Emotional Changes in PLS

A PLS diagnosis changes more than physical function. It changes how you think about the future, how you relate to your body, and sometimes how you experience your own emotions. Some of these emotional changes come from the psychological challenge of the diagnosis itself. Others — like pseudobulbar affect — are neurological in origin. Both are real, both are worth addressing, and both are treatable.

Pseudobulbar affect: what it is and why it happens

Pseudobulbar affect (PBA) is a neurological condition characterized by involuntary, uncontrollable episodes of laughing or crying — or sudden switches between the two — that are excessive or inconsistent with the person's actual emotional state. It is not a psychiatric condition and it is not the same as emotional distress, though it can certainly be distressing.

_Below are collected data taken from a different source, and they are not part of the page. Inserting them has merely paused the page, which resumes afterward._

text \<open>A substitute for the Cauchy-Schwarz bound |<v,Ev> - <w,Ew>| \<le> 2 ||v|| ||v - w||:
polarize the cross term with weights a and 1/a and drop the two nonnegative terms.\<close>
lemma quad_form_diff_le:
  fixes a :: real and v w :: "'a \<Rightarrow> complex"
  assumes nonneg: "\<And>x. 0 \<le> Re (quad_form I E x)"
    and le_norm2: "\<And>x. Re (quad_form I E x) \<le> norm2_on I x"
    and "a \<noteq> 0"
  shows "Re (quad_form I E v) - Re (quad_form I E w)
           \<le> a\<^sup>2 * norm2_on I v + norm2_on I (\<lambda>i. w i - v i) / a\<^sup>2"
proof -
  define e where "e = (\<lambda>i. w i - v i)"
  define b where "b = 1 / a"
  let ?Q = "\<lambda>x. Re (quad_form I E x)"
  have "quad_form I E w = quad_form I E v + quad_form I E e +
     (quad_form I E (\<lambda>i. a * v i + b * e i) - quad_form I E (\<lambda>i. a * v i - b * e i)) / 2"
    using quad_form_polarization[of a b I E v e] \<open>a \<noteq> 0\<close> by (simp add: b_def e_def)
  then have "?Q v - ?Q w = ?Q (\<lambda>i. a * v i - b * e i) / 2 - ?Q e - ?Q (\<lambda>i. a * v i + b * e i) / 2"
    by (simp add: diff_divide_distrib)
  also have "\<dots> \<le> norm2_on I (\<lambda>i. a * v i - b * e i) / 2"
    using nonneg[of e] nonneg[of "\<lambda>i. a * v i + b * e i"] le_norm2[of "\<lambda>i. a * v i - b * e i"]
    by linarith
  also have "\<dots> \<le> a\<^sup>2 * norm2_on I v + b\<^sup>2 * norm2_on I e"
    using norm2_on_lincomb_le[of I a v b e] by simp
  finally show ?thesis by (simp add: b_def e_def power_one_over)
qed

lemma quad_form_add:
  assumes "\<And>i j. i \<in> I \<Longrightarrow> j \<in> I \<Longrightarrow> C i j = A i j + B i j"
  shows "quad_form I C x = quad_form I A x + quad_form I B x"
  unfolding quad_form_def by (simp add: assms algebra_simps sum.distrib cong: sum.cong)

lemma quad_form_identity:
  assumes "finite I" "\<And>i j. i \<in> I \<Longrightarrow> j \<in> I \<Longrightarrow> E i j = (if i = j then 1 else 0)"
  shows "quad_form I E x = inner_on I x x"
proof -
  have "(\<Sum>j\<in>I. cnj (x i) * E i j * x j) = cnj (x i) * x i" if "i \<in> I" for i
  proof -
    have "(\<Sum>j\<in>I. cnj (x i) * E i j * x j) = (\<Sum>j\<in>I. if i = j then cnj (x i) * x j else 0)"
      by (rule sum.cong) (simp_all add: assms(2) that)
    then show ?thesis using assms(1) that by simp
  qed
  then show ?thesis unfolding quad_form_def inner_on_def by simp
qed

lemma outcome_prob_eq_quad_form:
  "outcome_prob d n M w A = Re (quad_form (idx d n) (M A) w)"
  unfolding outcome_prob_def quad_form_def ..

lemma finite_idx: "finite (idx d n)"
proof -
  have "idx d n = {xs. set xs \<subseteq> {..<d} \<and> length xs = n}" unfolding idx_def by auto
  then show ?thesis using finite_lists_length_eq[of "{..<d}" n] by simp
qed

lemma povm_outcome_prob_nonneg:
  assumes "povm d n M" "A \<in> sets borel"
  shows "0 \<le> outcome_prob d n M w A"
  using assms unfolding povm_def psd_on_def outcome_prob_def by blast

lemma povm_outcome_prob_disjoint_le:
  assumes M: "povm d n M" and A: "A \<in> sets borel" and B: "B \<in> sets borel" and "A \<inter> B = {}"
  shows "outcome_prob d n M w A + outcome_prob d n M w B \<le> norm2_on (idx d n) w"
proof -
  let ?P = "outcome_prob d n M w"
  have AB: "A \<union> B \<in> sets borel" using A B by simp
  have additive: "\<And>X Y. X \<in> sets borel \<Longrightarrow> Y \<in> sets borel \<Longrightarrow> X \<inter> Y = {} \<Longrightarrow>
      ?P (X \<union> Y) = ?P X + ?P Y"
    using M unfolding povm_def outcome_prob_eq_quad_form
    by (subst quad_form_add[of _ _ "M _" "M _"]) auto
  have "?P UNIV = norm2_on (idx d n) w"
    using M unfolding povm_def outcome_prob_eq_quad_form
    by (subst quad_form_identity[OF finite_idx]) (auto simp: inner_on_self)
  moreover have "?P UNIV = ?P (A \<union> B) + ?P (- (A \<union> B))"
    using additive[OF AB borel_comp[OF AB]] by (metis Compl_disjoint Compl_partition)
  moreover have "?P (A \<union> B) = ?P A + ?P B"
    using additive[OF A B \<open>A \<inter> B = {}\<close>] .
  ultimately show ?thesis
    using povm_outcome_prob_nonneg[OF M borel_comp[OF AB], of w] by linarith
qed

lemma povm_outcome_prob_le:
  assumes "povm d n M" "A \<in> sets borel"
  shows "outcome_prob d n M w A \<le> norm2_on (idx d n) w"
  using povm_outcome_prob_disjoint_le[OF assms, of "{}" w] povm_outcome_prob_nonneg[OF assms(1), of "{}" w]
  by simp

lemma povm_outcome_prob_diff_le:
  fixes a :: real
  assumes "povm d n M" "A \<in> sets borel" "a \<noteq> 0"
  shows "outcome_prob d n M w A - outcome_prob d n M w' A
           \<le> a\<^sup>2 * norm2_on (idx d n) w + norm2_on (idx d n) (\<lambda>i. w' i - w i) / a\<^sup>2"
  unfolding outcome_prob_eq_quad_form
  by (rule quad_form_diff_le)
    (use assms povm_outcome_prob_nonneg povm_outcome_prob_le in \<open>simp_all add: outcome_prob_eq_quad_form\<close>)

lemma idx_Suc: "idx d (Suc n) = (\<lambda>(i, l). i # l) ` ({..<d} \<times> idx d n)"
proof (rule set_eqI)
  fix l
  show "l \<in> idx d (Suc n) \<longleftrightarrow> l \<in> (\<lambda>(i, l). i # l) ` ({..<d} \<times> idx d n)"
  proof
    assume "l \<in> idx d (Suc n)"
    then obtain i l' where "l = i # l'" "length l' = n" "i < d" "set l' \<subseteq> {..<d}"
      unfolding idx_def by (cases l) auto
    then show "l \<in> (\<lambda>(i, l). i # l) ` ({..<d} \<times> idx d n)" unfolding idx_def by force
  qed (auto simp: idx_def)
qed

lemma sum_idx_prod_nth:
  fixes f :: "nat \<Rightarrow> nat \<Rightarrow> 'a::comm_semiring_1"
  shows "(\<Sum>l\<in>idx d n. \<Prod>k<n. f k (l ! k)) = (\<Prod>k<n. \<Sum>i<d. f k i)"
proof (induction n arbitrary: f)
  case 0
  have "idx d 0 = {[]}" unfolding idx_def by auto
  then show ?case by simp
next
  case (Suc n)
  have inj: "inj_on (\<lambda>(i, l). i # l) ({..<d} \<times> idx d n)" by (auto simp: inj_on_def)
  have "(\<Sum>l\<in>idx d (Suc n). \<Prod>k<Suc n. f k (l ! k))
      = (\<Sum>(i, l)\<in>{..<d} \<times> idx d n. \<Prod>k<Suc n. f k ((i # l) ! k))"
    unfolding idx_Suc by (subst sum.reindex[OF inj]) (simp add: case_prod_unfold)
  also have "\<dots> = (\<Sum>i<d. f 0 i * (\<Sum>l\<in>idx d n. \<Prod>k<n. f (Suc k) (l ! k)))"
    by (simp only: sum.cartesian_product[symmetric] prod.lessThan_Suc_shift nth_Cons_0 nth_Cons_Suc
        sum_distrib_left)
  also have "\<dots> = (\<Prod>k<Suc n. \<Sum>i<d. f k i)"
    by (simp only: Suc.IH[of "\<lambda>k. f (Suc k)"] prod.lessThan_Suc_shift sum_distrib_right)
  finally show ?case .
qed

lemma prod_lessThan_add:
  fixes f :: "nat \<Rightarrow> 'a::comm_monoid_mult"
  shows "(\<Prod>k<m + n. f k) = (\<Prod>k<m. f k) * (\<Prod>k<n. f (m + k))"
  by (induction n) (simp_all add: mult.assoc)

lemma copies_state_eq_prod:
  "copies_state S u v l = (\<Prod>k<2 * S. (if k < S then u else v) (l ! k))"
  unfolding copies_state_def mult_2 prod_lessThan_add by simp

lemma inner_on_copies_state:
  "inner_on (idx d (2 * S)) (copies_state S u v) (copies_state S u' v')
     = inner_d d u u' ^ S * inner_d d v v' ^ S"
proof -
  have "inner_on (idx d (2 * S)) (copies_state S u v) (copies_state S u' v')
      = (\<Sum>l\<in>idx d (2 * S). \<Prod>k<2 * S.
           cnj ((if k < S then u else v) (l ! k)) * (if k < S then u' else v') (l ! k))"
    unfolding inner_on_def copies_state_eq_prod by (simp add: prod.distrib)
  also have "\<dots> = (\<Prod>k<2 * S. \<Sum>i<d. cnj ((if k < S then u else v) i) * (if k < S then u' else v') i)"
    by (rule sum_idx_prod_nth)
  also have "\<dots> = (\<Prod>k<2 * S. if k < S then inner_d d u u' else inner_d d v v')"
    unfolding inner_d_def by (rule prod.cong) auto
  also have "\<dots> = inner_d d u u' ^ S * inner_d d v v' ^ S"
    unfolding mult_2 prod_lessThan_add by simp
  finally show ?thesis .
qed

lemma unit_state_inner_self: "unit_state d u \<Longrightarrow> inner_d d u u = 1"
  using inner_on_self[of "{..<d}" u] unfolding unit_state_def inner_d_def inner_on_def norm2_on_def
  by simp

lemma trace_dist_self: "unit_state d u \<Longrightarrow> trace_dist d u u = 0"
  unfolding trace_dist_def by (simp add: unit_state_inner_self)

lemma norm2_on_copies_state:
  assumes "unit_state d u" "unit_state d v"
  shows "norm2_on (idx d (2 * S)) (copies_state S u v) = 1"
  using inner_on_self[of "idx d (2 * S)" "copies_state S u v"]
  unfolding inner_on_copies_state unit_state_inner_self[OF assms(1)] unit_state_inner_self[OF assms(2)]
  by simp

lemma sum_lessThan_supported_0_1:
  fixes f :: "nat \<Rightarrow> 'a::comm_monoid_add"
  assumes "2 \<le> d" "\<And>i. 2 \<le> i \<Longrightarrow> f i = 0"
  shows "(\<Sum>i<d. f i) = f 0 + f 1"
proof -
  have "(\<Sum>i\<in>{0, 1}. f i) = (\<Sum>i<d. f i)"
    by (rule sum.mono_neutral_left) (use assms in auto)
  then show ?thesis by simp
qed

lemma exists_unit_states_with_overlap:
  assumes "2 \<le> d" "0 \<le> c" "c \<le> 1"
  obtains u v where "unit_state d u" "unit_state d v" "inner_d d u v = of_real c"
proof
  define s where "s = sqrt (1 - c\<^sup>2)"
  have cs: "c\<^sup>2 + s\<^sup>2 = 1" unfolding s_def using assms by (simp add: power_le_one)
  let ?u = "\<lambda>i. if i = 0 then 1 else 0 :: complex"
  let ?v = "\<lambda>i. if i = 0 then of_real c else if i = 1 then of_real s else 0 :: complex"
  show "unit_state d ?u" unfolding unit_state_def
    by (subst sum_lessThan_supported_0_1[OF assms(1)]) simp_all
  show "unit_state d ?v" unfolding unit_state_def
    by (subst sum_lessThan_supported_0_1[OF assms(1)]) (simp_all add: cs)
  show "inner_d d ?u ?v = of_real c" unfolding inner_d_def
    by (subst sum_lessThan_supported_0_1[OF assms(1)]) simp_all
qed

lemma td_estimator_overlap_le:
  assumes est: "td_estimator d S eps M"
    and units: "unit_state d u" "unit_state d v" "unit_state d u'" "unit_state d v'"
    and far: "2 * eps < \<bar>trace_dist d u v - trace_dist d u' v'\<bar>"
  shows "Re (inner_d d u u' ^ S * inner_d d v v' ^ S) \<le> 80 / 81"
proof -
  define \<Phi> where "\<Phi> = copies_state S u v"
  define \<Psi> where "\<Psi> = copies_state S u' v'"
  define A where "A = {x. \<bar>x - trace_dist d u v\<bar> \<le> eps}"
  define B where "B = {x. \<bar>x - trace_dist d u' v'\<bar> \<le> eps}"
  let ?P = "outcome_prob d (2 * S) M"
  let ?N = "norm2_on (idx d (2 * S))"
  have M: "povm d (2 * S) M" using est unfolding td_estimator_def by simp
  have interval_borel: "{x. \<bar>x - t\<bar> \<le> eps} \<in> sets borel" for t :: real
  proof -
    have "{x. \<bar>x - t\<bar> \<le> eps} = cball t eps" by (auto simp: cball_def dist_real_def)
    then show ?thesis by (simp add: borel_closed)
  qed
  have "A \<inter> B = {}" using far unfolding A_def B_def by auto
  have P\<Phi>: "?P \<Phi> A \<ge> 2 / 3" and P\<Psi>: "?P \<Psi> B \<ge> 2 / 3"
    using est units unfolding td_estimator_def A_def B_def \<Phi>_def \<Psi>_def by blast+
  have N\<Phi>: "?N \<Phi> = 1" and N\<Psi>: "?N \<Psi> = 1"
    unfolding \<Phi>_def \<Psi>_def using units by (simp_all add: norm2_on_copies_state)
  have "?P \<Psi> A \<le> 1 / 3"
    using povm_outcome_prob_disjoint_le[OF M _ _ \<open>A \<inter> B = {}\<close>, of \<Psi>] interval_borel P\<Psi> N\<Psi>
    unfolding A_def B_def by fastforce
  moreover have "?P \<Phi> A - ?P \<Psi> A \<le> (1/3)\<^sup>2 * ?N \<Phi> + ?N (\<lambda>i. \<Psi> i - \<Phi> i) / (1/3)\<^sup>2"
    using povm_outcome_prob_diff_le[OF M, of A "1/3"] interval_borel unfolding A_def by simp
  moreover have "?N (\<lambda>i. \<Psi> i - \<Phi> i) = 2 - 2 * Re (inner_d d u u' ^ S * inner_d d v v' ^ S)"
    unfolding norm2_on_diff N\<Phi> N\<Psi> unfolding \<Phi>_def \<Psi>_def inner_on_copies_state by simp
  ultimately show ?thesis using P\<Phi> N\<Phi> by (simp add: power2_eq_square)
qed

lemma one_minus_power_le:
  fixes x :: real
  assumes "0 \<le> x" "x \<le> 1"
  shows "1 - x ^ n \<le> real n * (1 - x)"
proof (induction n)
  case (Suc n)
  have "x ^ n * (1 - x) \<le> 1 - x"
    using assms mult_right_mono[of "x ^ n" 1 "1 - x"] by (simp add: power_le_one)
  then show ?case using Suc by (simp add: algebra_simps)
qed simp

lemma one_minus_sqrt_one_minus_le:
  fixes y :: real
  assumes "0 \<le> y" "y \<le> 1"
  shows "1 - sqrt (1 - y) \<le> y"
proof -
  have "sqrt (1 - y) * sqrt (1 - y) \<le> sqrt (1 - y) * 1"
    using assms by (intro mult_left_mono) simp_all
  then show ?thesis using assms by simp
qed
lemma bij_betw_rotate_cycle:
  fixes x n :: nat
  assumes "0 < n"
  shows "bij_betw (\<lambda>t. (x + t) mod n) {0..<n} {0..<n}"
proof -
  have inj: "inj_on (\<lambda>t. (x + t) mod n) {0..<n}"
  proof (rule inj_onI)
    fix a b assume ab: "a \<in> {0..<n}" "b \<in> {0..<n}" and "(x + a) mod n = (x + b) mod n"
    then have "(int x + int a) mod int n = (int x + int b) mod int n"
      by (simp flip: of_nat_add of_nat_mod)
    then have "((int x + int a) - int x) mod int n = ((int x + int b) - int x) mod int n"
      by (rule mod_diff_cong) simp
    then show "a = b" using ab by simp
  qed
  moreover have "(\<lambda>t. (x + t) mod n) ` {0..<n} = {0..<n}"
    using assms inj by (intro endo_inj_surj) auto
  ultimately show ?thesis by (simp add: bij_betw_def)
qed

lemma rotate_cycle_diff_mod: "(int ((x + t) mod n) - int x) mod int n = int t mod int n"
  by (simp add: of_nat_mod mod_diff_left_eq)

lemma bij_betw_cycle_resolving_offsets:
  assumes "x < n" and "y < n"
  shows "bij_betw (\<lambda>t. (x + t) mod n) (cycle_resolving_offsets n k (int y - int x))
           (trunc_resolving_set (cycle_vertices n) (cycle_adj n) k x y)"
  unfolding trunc_resolving_set_cycle[OF assms] cycle_resolving_offsets_def
proof (rule bij_betw_Collect)
  show "bij_betw (\<lambda>t. (x + t) mod n) {0..<n} {0..<n}"
    using assms by (intro bij_betw_rotate_cycle) simp
  fix t
  show "cycle_resolves n k (int y - int x) (int ((x + t) mod n) - int x)
      \<longleftrightarrow> cycle_resolves n k (int y - int x) (int t)"
    by (rule cycle_resolves_cong[OF refl rotate_cycle_diff_mod])
qed

lemma sum_rotate_cycle:
  fixes h :: "nat \<Rightarrow> 'a::comm_monoid_add"
  assumes "0 < n"
  shows "(\<Sum>x\<in>{0..<n}. h ((x + t) mod n)) = (\<Sum>x\<in>{0..<n}. h x)"
  using sum.reindex_bij_betw[OF bij_betw_rotate_cycle[OF assms, of t], of h]
  by (simp add: add.commute)

lemma sum_trunc_resolving_fn_cycle_lower_bound:
  assumes h: "is_trunc_resolving_fn (cycle_vertices n) (cycle_adj n) k h" and "0 < d" and "d < n"
  shows "real n \<le>
           real (card (cycle_resolving_offsets n k (int d))) * (\<Sum>v\<in>cycle_vertices n. h v)"
proof -
  let ?O = "cycle_resolving_offsets n k (int d)"
  have n: "0 < n" using assms by simp
  have "1 \<le> (\<Sum>t\<in>?O. h ((x + t) mod n))" if x: "x < n" for x
  proof -
    let ?y = "(x + d) mod n"
    have y: "?y < n" using n by simp
    have inj: "inj_on (\<lambda>t. (x + t) mod n) {0..<n}"
      using bij_betw_rotate_cycle[OF n] by (rule bij_betw_imp_inj_on)
    have "?y \<noteq> (x + 0) mod n"
    proof
      assume "?y = (x + 0) mod n"
      from inj_onD[OF inj this] have "d = 0" using assms(3) n by simp
      then show False using assms(2) by simp
    qed
    then have "?y \<noteq> x" using x by simp
    then have "1 \<le> (\<Sum>z\<in>trunc_resolving_set (cycle_vertices n) (cycle_adj n) k x ?y. h z)"
      using h x y unfolding is_trunc_resolving_fn_def cycle_vertices_def by simp
    also have "\<dots> = (\<Sum>t\<in>cycle_resolving_offsets n k (int ?y - int x). h ((x + t) mod n))"
      by (rule sum.reindex_bij_betw[OF bij_betw_cycle_resolving_offsets[OF x y], symmetric])
    also have "\<dots> = (\<Sum>t\<in>?O. h ((x + t) mod n))"
      using cycle_resolving_offsets_cong[OF rotate_cycle_diff_mod] by simp
    finally show ?thesis .
  qed
  then have "real n \<le> (\<Sum>x\<in>{0..<n}. \<Sum>t\<in>?O. h ((x + t) mod n))"
    using sum_mono[of "{0..<n}" "\<lambda>_. 1::real"] by simp
  also have "\<dots> = (\<Sum>t\<in>?O. \<Sum>x\<in>{0..<n}. h ((x + t) mod n))"
    by (rule sum.swap)
  also have "\<dots> = real (card ?O) * (\<Sum>v\<in>cycle_vertices n. h v)"
    by (simp add: sum_rotate_cycle[OF n] cycle_vertices_def)
  finally show ?thesis .
qed

lemma frac_trunc_metric_dim_cycle:
  assumes m: "0 < m"
    and lower: "\<And>d. 0 < d \<Longrightarrow> d < n \<Longrightarrow> m \<le> card (cycle_resolving_offsets n k (int d))"
    and attained: "0 < d\<^sub>0" "d\<^sub>0 < n" "card (cycle_resolving_offsets n k (int d\<^sub>0)) \<le> m"
  shows "frac_trunc_metric_dim (cycle_vertices n) (cycle_adj n) k = real n / real m"
  unfolding frac_trunc_metric_dim_def
proof (rule cInf_eq_minimum)
  have "is_trunc_resolving_fn (cycle_vertices n) (cycle_adj n) k (\<lambda>_. 1 / real m)"
    unfolding is_trunc_resolving_fn_def
  proof (intro conjI ballI impI)
    fix x y assume x: "x \<in> cycle_vertices n" and y: "y \<in> cycle_vertices n" and "x \<noteq> y"
    then have xy: "x < n" "y < n" "int y mod int n \<noteq> int x mod int n"
      by (simp_all add: cycle_vertices_def)
    let ?d = "nat ((int y - int x) mod int n)"
    have "\<not> int n dvd int y - int x"
      using xy(3) mod_eq_dvd_iff by blast
    then have "(int y - int x) mod int n \<noteq> 0"
      by (simp add: dvd_eq_mod_eq_0)
    then have d: "0 < ?d" "?d < n"
      using xy(1) by (simp_all add: order_le_neq_trans nat_less_iff)
    have "card (trunc_resolving_set (cycle_vertices n) (cycle_adj n) k x y)
        = card (cycle_resolving_offsets n k (int y - int x))"
      using bij_betw_same_card[OF bij_betw_cycle_resolving_offsets[OF xy(1,2)]] by simp
    also have "\<dots> = card (cycle_resolving_offsets n k (int ?d))"
      using xy by (intro arg_cong[where f = card] cycle_resolving_offsets_cong) simp
    finally have "m \<le> card (trunc_resolving_set (cycle_vertices n) (cycle_adj n) k x y)"
      using lower[OF d] by simp
    then show "1 \<le> (\<Sum>z\<in>trunc_resolving_set (cycle_vertices n) (cycle_adj n) k x y. 1 / real m)"
      using m by (simp add: field_simps)
  qed (use m in auto)
  then show "real n / real m \<in> {\<Sum>v\<in>cycle_vertices n. h v |h.
      is_trunc_resolving_fn (cycle_vertices n) (cycle_adj n) k h}"
    by (intro CollectI exI[of _ "\<lambda>_. 1 / real m"]) (simp add: cycle_vertices_def)
next
  fix s assume "s \<in> {\<Sum>v\<in>cycle_vertices n. h v |h.
      is_trunc_resolving_fn (cycle_vertices n) (cycle_adj n) k h}"
  then obtain h where h: "is_trunc_resolving_fn (cycle_vertices n) (cycle_adj n) k h"
    and s: "s = (\<Sum>v\<in>cycle_vertices n. h v)" by blast
  have "0 \<le> s"
    using h unfolding s is_trunc_resolving_fn_def by (simp add: sum_nonneg)
  have "real n \<le> real (card (cycle_resolving_offsets n k (int d\<^sub>0))) * s"
    unfolding s using h attained(1,2) by (rule sum_trunc_resolving_fn_cycle_lower_bound)
  also have "\<dots> \<le> real m * s"
    using attained(3) \<open>0 \<le> s\<close> by (intro mult_right_mono) simp_all
  finally show "real n / real m \<le> s"
    using m by (simp add: field_simps)
qed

The mechanism is a disruption of the cortical pathways that normally regulate emotional expression. In a healthy nervous system, the motor cortex maintains inhibitory control over brainstem circuits that produce laughing and crying. When upper motor neurons are damaged — as they are throughout the nervous system in PLS — this control is weakened, and emotional expression can be triggered by stimuli that would not normally provoke it. Something mildly amusing becomes uncontrollable laughter. A sentimental commercial brings on several minutes of crying. Frustration triggers laughing.

The key point is that the emotion produced in a PBA episode does not necessarily reflect what the person is actually feeling. Someone in the middle of a genuine conversation may start laughing uncontrollably without finding anything funny. Someone in a good mood may suddenly cry for two minutes. The episode is the brain misfiring, not an expression of inner state.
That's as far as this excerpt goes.